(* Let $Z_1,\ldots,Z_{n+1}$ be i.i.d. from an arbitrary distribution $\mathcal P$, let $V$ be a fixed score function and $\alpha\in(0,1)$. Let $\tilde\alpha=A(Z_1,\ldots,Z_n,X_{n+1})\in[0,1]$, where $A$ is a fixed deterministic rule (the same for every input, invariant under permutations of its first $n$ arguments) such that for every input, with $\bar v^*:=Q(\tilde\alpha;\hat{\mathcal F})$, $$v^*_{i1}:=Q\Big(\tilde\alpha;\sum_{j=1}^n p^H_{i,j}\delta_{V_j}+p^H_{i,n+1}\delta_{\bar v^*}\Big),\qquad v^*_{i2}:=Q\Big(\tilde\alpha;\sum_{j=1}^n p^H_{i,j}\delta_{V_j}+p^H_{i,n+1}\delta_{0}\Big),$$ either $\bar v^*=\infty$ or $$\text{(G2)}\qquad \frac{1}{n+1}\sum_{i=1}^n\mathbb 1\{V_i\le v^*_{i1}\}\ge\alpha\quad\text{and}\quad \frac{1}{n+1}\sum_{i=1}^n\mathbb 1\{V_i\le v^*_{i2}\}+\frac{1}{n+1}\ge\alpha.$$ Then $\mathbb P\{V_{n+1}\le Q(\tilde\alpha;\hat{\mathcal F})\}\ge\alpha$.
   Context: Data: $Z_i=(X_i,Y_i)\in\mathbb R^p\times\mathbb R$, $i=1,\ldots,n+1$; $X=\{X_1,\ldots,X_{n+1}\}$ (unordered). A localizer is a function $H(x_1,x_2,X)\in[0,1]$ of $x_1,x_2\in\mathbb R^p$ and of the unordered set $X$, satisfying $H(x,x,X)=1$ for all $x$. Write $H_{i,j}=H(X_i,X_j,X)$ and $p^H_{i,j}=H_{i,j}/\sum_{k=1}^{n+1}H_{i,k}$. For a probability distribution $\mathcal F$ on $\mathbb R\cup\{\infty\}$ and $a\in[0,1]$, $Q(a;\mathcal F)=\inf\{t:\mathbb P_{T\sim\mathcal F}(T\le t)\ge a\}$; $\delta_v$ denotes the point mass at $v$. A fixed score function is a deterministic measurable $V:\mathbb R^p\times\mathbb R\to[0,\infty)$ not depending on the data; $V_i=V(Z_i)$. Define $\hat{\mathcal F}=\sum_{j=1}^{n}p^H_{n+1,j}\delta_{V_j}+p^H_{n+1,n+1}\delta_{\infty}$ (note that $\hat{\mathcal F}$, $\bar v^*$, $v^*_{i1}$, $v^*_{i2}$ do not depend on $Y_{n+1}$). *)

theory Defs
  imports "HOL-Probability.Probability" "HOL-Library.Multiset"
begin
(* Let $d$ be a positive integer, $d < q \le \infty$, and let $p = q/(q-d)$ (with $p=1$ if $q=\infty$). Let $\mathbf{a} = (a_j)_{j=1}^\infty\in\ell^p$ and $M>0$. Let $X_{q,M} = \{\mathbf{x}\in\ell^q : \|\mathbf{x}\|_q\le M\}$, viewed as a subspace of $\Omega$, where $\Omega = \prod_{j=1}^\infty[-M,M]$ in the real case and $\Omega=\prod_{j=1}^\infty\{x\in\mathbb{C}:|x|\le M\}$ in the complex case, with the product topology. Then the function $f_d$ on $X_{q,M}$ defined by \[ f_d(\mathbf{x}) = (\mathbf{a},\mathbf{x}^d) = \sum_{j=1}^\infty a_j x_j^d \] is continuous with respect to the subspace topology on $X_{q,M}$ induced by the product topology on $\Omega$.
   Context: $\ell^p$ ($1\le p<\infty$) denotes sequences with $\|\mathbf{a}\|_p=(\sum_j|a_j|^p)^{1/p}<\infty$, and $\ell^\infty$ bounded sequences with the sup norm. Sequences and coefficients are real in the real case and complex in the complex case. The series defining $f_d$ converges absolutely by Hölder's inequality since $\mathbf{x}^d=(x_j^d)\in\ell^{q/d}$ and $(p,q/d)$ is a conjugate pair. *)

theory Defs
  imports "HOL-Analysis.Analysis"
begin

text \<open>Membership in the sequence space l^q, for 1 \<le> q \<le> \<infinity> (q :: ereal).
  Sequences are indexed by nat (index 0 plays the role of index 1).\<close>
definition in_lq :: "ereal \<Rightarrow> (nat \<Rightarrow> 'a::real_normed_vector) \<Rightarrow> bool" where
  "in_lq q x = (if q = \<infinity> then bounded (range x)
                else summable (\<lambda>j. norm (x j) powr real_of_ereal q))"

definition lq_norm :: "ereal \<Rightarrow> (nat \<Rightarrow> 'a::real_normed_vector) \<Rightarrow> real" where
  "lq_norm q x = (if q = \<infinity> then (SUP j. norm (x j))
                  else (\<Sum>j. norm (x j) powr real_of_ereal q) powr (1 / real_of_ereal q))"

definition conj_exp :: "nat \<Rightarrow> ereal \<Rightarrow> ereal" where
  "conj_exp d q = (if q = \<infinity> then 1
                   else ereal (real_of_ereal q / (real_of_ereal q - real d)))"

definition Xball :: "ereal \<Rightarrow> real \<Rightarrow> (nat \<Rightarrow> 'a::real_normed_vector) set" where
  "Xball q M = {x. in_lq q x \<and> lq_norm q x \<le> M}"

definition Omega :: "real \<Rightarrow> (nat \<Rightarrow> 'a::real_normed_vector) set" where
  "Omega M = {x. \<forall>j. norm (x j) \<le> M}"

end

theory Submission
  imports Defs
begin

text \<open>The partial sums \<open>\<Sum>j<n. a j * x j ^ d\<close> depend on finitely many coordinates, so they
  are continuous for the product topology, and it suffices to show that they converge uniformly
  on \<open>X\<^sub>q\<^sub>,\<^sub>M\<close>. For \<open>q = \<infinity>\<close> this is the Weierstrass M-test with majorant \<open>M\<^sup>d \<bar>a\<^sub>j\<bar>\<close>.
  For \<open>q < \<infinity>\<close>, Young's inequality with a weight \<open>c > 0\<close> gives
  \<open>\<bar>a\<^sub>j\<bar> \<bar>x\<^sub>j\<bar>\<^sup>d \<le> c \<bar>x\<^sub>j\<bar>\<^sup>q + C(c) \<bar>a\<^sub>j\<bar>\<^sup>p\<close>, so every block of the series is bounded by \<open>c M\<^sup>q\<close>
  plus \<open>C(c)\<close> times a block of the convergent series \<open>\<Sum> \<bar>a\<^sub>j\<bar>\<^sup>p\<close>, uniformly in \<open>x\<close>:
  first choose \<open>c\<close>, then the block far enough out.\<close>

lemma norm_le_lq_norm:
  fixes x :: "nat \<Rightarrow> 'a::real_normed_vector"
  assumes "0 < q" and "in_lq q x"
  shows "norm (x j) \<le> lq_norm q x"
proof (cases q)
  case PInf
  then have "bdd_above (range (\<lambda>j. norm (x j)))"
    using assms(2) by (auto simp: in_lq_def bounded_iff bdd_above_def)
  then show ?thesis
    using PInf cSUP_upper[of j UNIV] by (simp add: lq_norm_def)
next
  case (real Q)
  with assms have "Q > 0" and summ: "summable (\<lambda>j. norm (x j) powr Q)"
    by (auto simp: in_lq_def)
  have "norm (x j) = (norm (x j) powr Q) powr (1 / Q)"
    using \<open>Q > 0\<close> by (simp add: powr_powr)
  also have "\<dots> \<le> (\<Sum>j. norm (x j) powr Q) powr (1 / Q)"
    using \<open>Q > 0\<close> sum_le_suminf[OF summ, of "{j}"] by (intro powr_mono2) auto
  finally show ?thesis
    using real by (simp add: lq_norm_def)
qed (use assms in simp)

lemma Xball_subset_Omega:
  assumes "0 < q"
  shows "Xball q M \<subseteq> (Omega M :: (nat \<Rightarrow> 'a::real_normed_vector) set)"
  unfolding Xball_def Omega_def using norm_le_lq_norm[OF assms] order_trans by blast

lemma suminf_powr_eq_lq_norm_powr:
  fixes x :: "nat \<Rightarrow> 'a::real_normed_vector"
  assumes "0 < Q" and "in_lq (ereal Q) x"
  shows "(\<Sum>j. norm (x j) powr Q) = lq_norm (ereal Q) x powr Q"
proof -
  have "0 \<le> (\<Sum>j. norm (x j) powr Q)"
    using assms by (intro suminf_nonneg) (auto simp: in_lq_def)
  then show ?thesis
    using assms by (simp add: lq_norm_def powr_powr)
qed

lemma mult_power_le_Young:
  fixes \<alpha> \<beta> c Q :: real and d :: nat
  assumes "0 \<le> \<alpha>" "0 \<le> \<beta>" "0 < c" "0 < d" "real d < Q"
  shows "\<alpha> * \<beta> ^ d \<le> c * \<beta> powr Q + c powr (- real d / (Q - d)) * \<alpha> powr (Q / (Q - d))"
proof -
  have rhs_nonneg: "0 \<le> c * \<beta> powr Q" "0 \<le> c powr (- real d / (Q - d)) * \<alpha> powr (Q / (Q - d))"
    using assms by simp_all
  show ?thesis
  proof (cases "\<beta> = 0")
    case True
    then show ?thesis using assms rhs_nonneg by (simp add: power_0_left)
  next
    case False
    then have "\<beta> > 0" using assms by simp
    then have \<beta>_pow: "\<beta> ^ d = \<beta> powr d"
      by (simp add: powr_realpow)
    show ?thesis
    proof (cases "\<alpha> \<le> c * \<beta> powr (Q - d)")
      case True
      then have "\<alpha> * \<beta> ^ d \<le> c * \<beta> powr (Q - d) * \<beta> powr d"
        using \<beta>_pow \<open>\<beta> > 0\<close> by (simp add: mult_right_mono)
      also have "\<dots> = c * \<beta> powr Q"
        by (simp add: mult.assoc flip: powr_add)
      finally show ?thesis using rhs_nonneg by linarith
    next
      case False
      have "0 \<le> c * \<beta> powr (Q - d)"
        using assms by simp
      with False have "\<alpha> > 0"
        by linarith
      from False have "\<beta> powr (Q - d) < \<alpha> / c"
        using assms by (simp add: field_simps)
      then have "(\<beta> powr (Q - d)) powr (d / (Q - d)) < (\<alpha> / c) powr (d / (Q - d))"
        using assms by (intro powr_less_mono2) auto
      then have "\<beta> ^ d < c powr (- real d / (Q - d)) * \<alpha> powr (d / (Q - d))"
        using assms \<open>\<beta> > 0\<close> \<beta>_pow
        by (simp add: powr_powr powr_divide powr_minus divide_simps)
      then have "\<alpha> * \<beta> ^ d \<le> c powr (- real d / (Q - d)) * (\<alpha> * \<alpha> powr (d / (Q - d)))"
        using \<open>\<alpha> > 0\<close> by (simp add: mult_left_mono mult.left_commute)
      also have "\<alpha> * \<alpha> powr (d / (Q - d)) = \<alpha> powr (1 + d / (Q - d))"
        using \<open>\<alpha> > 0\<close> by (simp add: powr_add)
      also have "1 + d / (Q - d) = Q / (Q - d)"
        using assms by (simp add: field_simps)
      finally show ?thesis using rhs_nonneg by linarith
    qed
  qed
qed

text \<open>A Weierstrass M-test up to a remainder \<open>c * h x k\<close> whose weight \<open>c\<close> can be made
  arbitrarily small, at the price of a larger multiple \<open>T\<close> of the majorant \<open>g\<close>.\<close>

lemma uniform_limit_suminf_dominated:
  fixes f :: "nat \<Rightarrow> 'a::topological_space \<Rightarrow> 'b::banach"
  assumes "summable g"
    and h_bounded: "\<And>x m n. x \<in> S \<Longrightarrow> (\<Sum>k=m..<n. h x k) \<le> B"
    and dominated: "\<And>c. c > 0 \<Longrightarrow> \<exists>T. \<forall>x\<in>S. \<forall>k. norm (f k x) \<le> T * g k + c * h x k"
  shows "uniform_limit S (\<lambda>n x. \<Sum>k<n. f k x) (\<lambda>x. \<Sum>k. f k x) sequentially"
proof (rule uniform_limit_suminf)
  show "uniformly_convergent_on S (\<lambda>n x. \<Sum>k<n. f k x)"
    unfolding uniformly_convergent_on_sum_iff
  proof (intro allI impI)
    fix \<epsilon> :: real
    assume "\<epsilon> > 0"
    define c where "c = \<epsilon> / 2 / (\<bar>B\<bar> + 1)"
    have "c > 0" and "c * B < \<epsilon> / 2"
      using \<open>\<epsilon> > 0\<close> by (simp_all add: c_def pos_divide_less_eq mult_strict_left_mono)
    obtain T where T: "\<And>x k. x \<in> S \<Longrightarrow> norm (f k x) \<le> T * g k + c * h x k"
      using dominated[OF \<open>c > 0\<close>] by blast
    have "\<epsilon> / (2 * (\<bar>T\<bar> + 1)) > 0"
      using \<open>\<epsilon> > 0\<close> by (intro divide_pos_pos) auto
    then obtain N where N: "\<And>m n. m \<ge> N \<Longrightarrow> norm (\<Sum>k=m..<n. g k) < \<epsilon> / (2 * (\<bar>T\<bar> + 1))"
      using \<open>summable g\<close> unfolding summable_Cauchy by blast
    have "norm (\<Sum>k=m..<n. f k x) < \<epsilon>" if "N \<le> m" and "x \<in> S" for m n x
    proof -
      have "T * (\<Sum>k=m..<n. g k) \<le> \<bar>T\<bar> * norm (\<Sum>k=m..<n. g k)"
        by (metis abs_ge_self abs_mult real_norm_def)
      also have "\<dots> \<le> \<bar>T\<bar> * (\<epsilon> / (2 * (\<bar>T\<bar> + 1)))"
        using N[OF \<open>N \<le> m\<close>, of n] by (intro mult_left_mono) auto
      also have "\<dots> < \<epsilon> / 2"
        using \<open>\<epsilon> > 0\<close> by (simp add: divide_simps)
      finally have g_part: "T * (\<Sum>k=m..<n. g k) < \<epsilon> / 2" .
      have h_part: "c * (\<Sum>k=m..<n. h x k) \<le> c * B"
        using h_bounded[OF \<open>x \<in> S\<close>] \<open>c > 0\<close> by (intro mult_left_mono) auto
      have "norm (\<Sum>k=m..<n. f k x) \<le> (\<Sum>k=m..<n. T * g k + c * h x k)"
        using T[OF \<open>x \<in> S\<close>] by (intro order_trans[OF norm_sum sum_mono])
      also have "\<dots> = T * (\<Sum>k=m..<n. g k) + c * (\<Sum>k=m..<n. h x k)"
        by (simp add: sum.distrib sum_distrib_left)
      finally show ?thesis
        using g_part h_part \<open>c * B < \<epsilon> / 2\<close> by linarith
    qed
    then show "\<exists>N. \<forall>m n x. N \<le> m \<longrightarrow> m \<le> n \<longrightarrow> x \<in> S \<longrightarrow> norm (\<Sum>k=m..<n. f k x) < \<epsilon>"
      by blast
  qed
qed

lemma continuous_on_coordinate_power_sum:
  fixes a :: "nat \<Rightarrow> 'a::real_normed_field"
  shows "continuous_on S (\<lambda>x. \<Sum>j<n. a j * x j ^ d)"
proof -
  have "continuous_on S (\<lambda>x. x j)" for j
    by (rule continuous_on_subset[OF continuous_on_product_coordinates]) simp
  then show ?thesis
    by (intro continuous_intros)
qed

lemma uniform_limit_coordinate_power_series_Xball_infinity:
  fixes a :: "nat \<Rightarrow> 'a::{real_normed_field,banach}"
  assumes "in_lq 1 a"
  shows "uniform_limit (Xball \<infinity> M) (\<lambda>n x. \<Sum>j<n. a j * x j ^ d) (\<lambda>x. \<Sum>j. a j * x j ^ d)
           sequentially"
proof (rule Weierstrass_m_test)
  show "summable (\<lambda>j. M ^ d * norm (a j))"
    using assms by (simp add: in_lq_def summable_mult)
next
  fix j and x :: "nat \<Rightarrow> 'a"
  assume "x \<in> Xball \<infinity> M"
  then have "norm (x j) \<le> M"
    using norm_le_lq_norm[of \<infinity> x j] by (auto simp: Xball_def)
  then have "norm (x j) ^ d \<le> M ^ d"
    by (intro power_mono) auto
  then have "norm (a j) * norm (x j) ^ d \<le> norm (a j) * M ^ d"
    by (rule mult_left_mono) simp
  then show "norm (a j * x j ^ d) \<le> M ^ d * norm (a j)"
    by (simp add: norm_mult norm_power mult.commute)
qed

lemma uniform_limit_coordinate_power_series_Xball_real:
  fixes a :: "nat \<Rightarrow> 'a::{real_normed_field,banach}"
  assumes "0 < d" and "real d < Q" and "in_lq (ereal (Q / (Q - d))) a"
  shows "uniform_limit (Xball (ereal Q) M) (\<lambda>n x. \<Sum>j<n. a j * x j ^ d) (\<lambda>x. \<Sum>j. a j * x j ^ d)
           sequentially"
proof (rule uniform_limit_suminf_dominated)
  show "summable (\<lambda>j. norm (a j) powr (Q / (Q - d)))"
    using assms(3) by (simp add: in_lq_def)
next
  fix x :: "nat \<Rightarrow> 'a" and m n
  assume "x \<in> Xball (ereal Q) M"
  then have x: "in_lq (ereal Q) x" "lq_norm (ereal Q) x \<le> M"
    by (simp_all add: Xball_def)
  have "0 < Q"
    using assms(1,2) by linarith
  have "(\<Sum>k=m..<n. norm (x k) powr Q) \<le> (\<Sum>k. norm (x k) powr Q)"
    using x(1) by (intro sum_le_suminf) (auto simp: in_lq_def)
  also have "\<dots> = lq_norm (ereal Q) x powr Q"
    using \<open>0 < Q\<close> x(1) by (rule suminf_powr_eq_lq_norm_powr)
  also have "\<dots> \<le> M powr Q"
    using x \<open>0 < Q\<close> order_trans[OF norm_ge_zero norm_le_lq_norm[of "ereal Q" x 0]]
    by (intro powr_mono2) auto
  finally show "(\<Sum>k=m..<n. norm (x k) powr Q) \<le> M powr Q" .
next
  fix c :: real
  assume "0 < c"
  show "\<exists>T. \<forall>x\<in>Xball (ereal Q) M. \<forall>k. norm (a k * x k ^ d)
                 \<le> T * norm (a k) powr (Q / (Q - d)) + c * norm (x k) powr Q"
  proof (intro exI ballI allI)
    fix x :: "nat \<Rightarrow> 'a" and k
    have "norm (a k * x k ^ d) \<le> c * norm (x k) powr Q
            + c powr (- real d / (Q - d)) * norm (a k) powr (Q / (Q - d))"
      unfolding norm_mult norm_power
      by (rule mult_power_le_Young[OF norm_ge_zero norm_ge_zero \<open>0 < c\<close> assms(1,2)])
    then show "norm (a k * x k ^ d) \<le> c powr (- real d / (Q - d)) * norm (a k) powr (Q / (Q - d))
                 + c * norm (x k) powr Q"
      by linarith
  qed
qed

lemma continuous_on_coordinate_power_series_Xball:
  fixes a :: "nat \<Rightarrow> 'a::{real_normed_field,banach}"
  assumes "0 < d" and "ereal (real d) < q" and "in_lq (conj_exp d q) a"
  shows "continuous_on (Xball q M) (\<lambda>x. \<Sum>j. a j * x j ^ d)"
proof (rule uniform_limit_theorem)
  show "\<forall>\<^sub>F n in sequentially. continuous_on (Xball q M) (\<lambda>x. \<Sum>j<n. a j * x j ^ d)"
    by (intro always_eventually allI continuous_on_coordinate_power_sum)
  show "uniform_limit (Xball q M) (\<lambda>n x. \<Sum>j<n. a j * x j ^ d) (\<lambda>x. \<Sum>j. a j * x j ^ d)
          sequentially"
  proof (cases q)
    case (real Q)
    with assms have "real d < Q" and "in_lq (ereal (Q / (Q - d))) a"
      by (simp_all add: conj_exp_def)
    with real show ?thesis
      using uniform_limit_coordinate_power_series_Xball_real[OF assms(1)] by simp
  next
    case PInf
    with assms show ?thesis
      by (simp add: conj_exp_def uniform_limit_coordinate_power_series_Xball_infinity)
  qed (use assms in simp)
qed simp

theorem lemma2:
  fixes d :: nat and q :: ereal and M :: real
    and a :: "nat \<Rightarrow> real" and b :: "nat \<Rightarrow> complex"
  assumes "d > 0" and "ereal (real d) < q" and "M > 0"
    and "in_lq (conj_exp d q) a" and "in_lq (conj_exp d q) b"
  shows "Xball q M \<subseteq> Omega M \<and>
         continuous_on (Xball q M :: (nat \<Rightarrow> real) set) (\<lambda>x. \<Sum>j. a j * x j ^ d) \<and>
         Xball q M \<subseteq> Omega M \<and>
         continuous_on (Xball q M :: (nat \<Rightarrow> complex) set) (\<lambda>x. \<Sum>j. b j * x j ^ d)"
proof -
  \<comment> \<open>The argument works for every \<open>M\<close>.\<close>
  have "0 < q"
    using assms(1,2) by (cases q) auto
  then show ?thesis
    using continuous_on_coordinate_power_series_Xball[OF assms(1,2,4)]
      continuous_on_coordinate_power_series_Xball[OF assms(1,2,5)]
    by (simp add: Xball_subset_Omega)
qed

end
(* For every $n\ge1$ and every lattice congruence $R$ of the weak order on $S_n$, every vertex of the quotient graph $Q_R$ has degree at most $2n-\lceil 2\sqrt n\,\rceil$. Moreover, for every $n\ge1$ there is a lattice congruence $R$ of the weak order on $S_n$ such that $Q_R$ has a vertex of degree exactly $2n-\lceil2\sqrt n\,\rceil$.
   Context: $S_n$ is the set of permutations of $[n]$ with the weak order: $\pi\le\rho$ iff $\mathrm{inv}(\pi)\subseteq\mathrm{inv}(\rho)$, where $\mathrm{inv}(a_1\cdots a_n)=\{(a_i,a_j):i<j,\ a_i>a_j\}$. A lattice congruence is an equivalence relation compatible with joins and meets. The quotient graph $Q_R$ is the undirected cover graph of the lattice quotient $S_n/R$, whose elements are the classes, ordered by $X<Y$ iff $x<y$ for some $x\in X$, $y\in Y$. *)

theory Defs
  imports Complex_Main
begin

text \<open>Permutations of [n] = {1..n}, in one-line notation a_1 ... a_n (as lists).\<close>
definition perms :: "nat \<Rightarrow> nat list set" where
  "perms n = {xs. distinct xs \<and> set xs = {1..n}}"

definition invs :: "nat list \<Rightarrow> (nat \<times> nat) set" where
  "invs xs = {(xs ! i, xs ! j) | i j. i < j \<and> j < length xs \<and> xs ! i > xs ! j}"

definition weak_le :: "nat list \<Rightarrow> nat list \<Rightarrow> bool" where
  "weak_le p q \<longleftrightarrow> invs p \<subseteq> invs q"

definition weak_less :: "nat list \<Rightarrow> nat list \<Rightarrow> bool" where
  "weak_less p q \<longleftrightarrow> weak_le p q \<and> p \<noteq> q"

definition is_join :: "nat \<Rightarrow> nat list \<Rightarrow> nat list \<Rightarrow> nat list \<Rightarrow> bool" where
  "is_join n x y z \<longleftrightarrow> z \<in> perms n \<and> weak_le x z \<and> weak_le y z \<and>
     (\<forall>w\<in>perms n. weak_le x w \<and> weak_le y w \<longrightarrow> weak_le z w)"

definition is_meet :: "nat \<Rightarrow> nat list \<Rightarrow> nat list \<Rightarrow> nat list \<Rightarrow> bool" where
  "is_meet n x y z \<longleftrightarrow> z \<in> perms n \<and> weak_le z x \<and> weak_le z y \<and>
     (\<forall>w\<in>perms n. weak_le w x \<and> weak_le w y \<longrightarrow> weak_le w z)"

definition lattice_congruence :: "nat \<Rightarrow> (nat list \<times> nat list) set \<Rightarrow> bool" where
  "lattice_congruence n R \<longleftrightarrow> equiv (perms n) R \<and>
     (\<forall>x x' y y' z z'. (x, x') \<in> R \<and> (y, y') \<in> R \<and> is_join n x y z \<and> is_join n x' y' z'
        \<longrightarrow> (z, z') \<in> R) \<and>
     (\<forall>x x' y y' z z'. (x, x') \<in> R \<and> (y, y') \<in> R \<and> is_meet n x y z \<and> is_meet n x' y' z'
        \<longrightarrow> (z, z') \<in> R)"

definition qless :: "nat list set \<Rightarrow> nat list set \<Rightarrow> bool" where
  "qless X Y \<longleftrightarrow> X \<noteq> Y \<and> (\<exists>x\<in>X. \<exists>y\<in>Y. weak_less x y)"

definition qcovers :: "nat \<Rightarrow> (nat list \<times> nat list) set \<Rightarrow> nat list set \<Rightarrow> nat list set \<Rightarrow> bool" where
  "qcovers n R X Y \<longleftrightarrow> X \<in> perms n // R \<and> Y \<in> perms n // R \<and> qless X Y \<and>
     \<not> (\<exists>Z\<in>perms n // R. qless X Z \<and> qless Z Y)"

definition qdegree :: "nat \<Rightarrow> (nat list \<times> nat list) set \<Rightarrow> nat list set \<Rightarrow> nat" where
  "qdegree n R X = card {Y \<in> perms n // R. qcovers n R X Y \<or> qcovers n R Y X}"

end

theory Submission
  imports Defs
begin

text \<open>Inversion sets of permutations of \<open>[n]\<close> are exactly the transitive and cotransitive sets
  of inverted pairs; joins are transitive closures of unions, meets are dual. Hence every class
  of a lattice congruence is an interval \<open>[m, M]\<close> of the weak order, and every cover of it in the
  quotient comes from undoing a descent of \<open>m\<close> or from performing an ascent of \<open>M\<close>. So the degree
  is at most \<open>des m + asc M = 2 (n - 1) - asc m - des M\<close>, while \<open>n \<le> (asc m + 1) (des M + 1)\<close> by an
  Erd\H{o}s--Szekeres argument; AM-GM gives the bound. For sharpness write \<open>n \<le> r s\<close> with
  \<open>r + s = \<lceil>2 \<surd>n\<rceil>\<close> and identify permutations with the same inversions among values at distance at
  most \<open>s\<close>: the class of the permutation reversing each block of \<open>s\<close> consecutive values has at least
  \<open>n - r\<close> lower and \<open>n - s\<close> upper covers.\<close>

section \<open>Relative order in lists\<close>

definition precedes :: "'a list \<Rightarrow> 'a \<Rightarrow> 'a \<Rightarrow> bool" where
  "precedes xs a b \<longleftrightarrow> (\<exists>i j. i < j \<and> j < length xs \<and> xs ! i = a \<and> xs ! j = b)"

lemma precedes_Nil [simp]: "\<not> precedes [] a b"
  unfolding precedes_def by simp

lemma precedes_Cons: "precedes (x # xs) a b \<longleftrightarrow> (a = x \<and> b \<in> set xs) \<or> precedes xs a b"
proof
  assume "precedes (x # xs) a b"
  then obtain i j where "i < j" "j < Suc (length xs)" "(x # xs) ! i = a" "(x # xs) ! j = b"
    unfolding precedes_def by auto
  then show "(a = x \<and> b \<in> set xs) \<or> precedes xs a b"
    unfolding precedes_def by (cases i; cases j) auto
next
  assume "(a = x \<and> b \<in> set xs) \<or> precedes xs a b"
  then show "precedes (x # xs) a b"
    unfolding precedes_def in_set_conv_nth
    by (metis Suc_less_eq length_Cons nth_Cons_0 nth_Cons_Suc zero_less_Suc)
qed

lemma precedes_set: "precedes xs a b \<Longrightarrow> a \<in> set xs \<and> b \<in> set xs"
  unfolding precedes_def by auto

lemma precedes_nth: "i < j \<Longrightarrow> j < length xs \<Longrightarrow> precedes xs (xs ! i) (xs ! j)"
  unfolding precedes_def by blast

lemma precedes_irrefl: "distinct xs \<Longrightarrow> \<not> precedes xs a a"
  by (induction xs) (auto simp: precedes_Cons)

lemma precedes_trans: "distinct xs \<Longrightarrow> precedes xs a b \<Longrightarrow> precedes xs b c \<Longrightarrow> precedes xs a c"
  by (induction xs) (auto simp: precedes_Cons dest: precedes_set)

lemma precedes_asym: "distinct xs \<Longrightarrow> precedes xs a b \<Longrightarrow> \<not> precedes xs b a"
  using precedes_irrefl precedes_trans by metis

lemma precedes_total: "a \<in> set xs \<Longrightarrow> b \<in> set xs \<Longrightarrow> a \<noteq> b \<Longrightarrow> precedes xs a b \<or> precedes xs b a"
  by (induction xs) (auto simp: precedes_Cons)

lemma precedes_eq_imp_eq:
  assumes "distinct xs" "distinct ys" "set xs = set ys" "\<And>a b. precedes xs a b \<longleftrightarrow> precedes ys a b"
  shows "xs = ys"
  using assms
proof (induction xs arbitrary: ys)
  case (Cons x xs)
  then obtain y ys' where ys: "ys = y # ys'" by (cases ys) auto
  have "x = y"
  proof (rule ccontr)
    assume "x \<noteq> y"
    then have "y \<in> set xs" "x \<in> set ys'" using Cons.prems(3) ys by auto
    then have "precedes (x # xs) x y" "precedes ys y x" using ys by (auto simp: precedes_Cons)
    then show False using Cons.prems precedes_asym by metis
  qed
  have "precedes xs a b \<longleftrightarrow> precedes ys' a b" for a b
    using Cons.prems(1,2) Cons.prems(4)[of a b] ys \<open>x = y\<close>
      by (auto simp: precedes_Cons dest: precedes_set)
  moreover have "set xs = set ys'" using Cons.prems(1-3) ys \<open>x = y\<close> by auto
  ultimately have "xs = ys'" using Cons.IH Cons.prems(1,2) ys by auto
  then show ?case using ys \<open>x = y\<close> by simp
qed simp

Exercise
Which of the lines above carry the string "from"? Pick them out and copy them.

Exercise output
(* Let $Z_1,\ldots,Z_{n+1}$ be i.i.d. from an arbitrary distribution $\mathcal P$, let $V$ be a fixed score function and $\alpha\in(0,1)$. Let $\tilde\alpha=A(Z_1,\ldots,Z_n,X_{n+1})\in[0,1]$, where $A$ is a fixed deterministic rule (the same for every input, invariant under permutations of its first $n$ arguments) such that for every input, with $\bar v^*:=Q(\tilde\alpha;\hat{\mathcal F})$, $$v^*_{i1}:=Q\Big(\tilde\alpha;\sum_{j=1}^n p^H_{i,j}\delta_{V_j}+p^H_{i,n+1}\delta_{\bar v^*}\Big),\qquad v^*_{i2}:=Q\Big(\tilde\alpha;\sum_{j=1}^n p^H_{i,j}\delta_{V_j}+p^H_{i,n+1}\delta_{0}\Big),$$ either $\bar v^*=\infty$ or $$\text{(G2)}\qquad \frac{1}{n+1}\sum_{i=1}^n\mathbb 1\{V_i\le v^*_{i1}\}\ge\alpha\quad\text{and}\quad \frac{1}{n+1}\sum_{i=1}^n\mathbb 1\{V_i\le v^*_{i2}\}+\frac{1}{n+1}\ge\alpha.$$ Then $\mathbb P\{V_{n+1}\le Q(\tilde\alpha;\hat{\mathcal F})\}\ge\alpha$.
      from False have "\<beta> powr (Q - d) < \<alpha> / c"
  quotient comes from undoing a descent of \<open>m\<close> or from performing an ascent of \<open>M\<close>. So the degree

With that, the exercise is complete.